*Description of the task*
Exactly the lines below from the one with "theory Defs" up to and including the one with "(\<forall>a b. sc (a +" make up the answer, with nothing else added.

*Data shown*
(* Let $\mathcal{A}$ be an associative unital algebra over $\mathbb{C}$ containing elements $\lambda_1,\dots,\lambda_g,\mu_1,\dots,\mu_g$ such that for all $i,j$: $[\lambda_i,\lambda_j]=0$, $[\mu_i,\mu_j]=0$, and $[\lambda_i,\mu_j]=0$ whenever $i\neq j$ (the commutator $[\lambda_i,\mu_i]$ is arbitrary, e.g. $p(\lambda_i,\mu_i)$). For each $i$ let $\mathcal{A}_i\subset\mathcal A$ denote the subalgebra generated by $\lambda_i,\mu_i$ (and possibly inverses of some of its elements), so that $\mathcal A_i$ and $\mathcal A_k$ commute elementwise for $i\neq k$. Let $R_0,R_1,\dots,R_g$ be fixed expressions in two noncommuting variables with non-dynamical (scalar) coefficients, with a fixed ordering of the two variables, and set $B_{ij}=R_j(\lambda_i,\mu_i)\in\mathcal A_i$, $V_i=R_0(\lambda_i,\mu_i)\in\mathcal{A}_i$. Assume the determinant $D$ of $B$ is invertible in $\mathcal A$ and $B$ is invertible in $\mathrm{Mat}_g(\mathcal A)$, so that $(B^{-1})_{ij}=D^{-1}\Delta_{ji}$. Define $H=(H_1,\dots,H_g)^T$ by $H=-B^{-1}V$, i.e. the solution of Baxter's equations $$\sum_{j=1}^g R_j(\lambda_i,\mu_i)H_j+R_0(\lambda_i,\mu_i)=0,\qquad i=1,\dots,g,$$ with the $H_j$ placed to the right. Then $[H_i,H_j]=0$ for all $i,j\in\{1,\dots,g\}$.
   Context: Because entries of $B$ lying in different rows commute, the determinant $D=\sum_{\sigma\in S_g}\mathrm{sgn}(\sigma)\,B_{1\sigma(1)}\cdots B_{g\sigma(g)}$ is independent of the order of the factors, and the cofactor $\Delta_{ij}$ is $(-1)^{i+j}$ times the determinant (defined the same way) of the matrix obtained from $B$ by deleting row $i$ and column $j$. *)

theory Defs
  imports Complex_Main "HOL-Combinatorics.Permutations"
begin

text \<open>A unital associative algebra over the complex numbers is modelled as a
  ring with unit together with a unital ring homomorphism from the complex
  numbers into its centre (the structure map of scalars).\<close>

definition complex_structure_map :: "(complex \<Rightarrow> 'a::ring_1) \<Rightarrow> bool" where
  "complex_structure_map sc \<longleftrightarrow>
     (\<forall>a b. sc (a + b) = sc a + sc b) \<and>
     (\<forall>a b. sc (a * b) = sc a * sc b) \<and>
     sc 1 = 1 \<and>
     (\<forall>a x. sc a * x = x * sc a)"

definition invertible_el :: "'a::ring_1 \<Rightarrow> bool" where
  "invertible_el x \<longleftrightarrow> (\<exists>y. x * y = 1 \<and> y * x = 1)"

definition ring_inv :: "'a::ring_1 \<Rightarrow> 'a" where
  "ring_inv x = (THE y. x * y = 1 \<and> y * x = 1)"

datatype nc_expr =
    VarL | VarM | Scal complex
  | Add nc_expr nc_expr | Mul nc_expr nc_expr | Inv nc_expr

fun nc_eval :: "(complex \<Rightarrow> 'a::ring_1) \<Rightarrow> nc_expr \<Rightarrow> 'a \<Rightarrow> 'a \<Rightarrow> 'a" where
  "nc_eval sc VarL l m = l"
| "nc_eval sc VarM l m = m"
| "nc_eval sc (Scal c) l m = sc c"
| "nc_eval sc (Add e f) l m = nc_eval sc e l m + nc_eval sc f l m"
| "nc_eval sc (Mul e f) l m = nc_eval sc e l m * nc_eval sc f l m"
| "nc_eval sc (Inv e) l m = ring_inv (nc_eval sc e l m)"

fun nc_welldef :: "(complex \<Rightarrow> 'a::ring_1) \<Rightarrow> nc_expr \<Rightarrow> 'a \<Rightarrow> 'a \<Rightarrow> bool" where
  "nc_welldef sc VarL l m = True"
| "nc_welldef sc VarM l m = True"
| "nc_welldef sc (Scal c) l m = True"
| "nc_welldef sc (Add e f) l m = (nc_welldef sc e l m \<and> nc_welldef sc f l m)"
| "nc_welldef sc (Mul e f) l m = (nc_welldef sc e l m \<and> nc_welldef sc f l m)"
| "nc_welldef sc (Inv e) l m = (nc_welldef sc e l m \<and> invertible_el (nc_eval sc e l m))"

*Answer to this exercise*
theory Defs
  imports Complex_Main "HOL-Combinatorics.Permutations"
begin

text \<open>A unital associative algebra over the complex numbers is modelled as a
  ring with unit together with a unital ring homomorphism from the complex
  numbers into its centre (the structure map of scalars).\<close>

definition complex_structure_map :: "(complex \<Rightarrow> 'a::ring_1) \<Rightarrow> bool" where
  "complex_structure_map sc \<longleftrightarrow>
     (\<forall>a b. sc (a + b) = sc a + sc b) \<and>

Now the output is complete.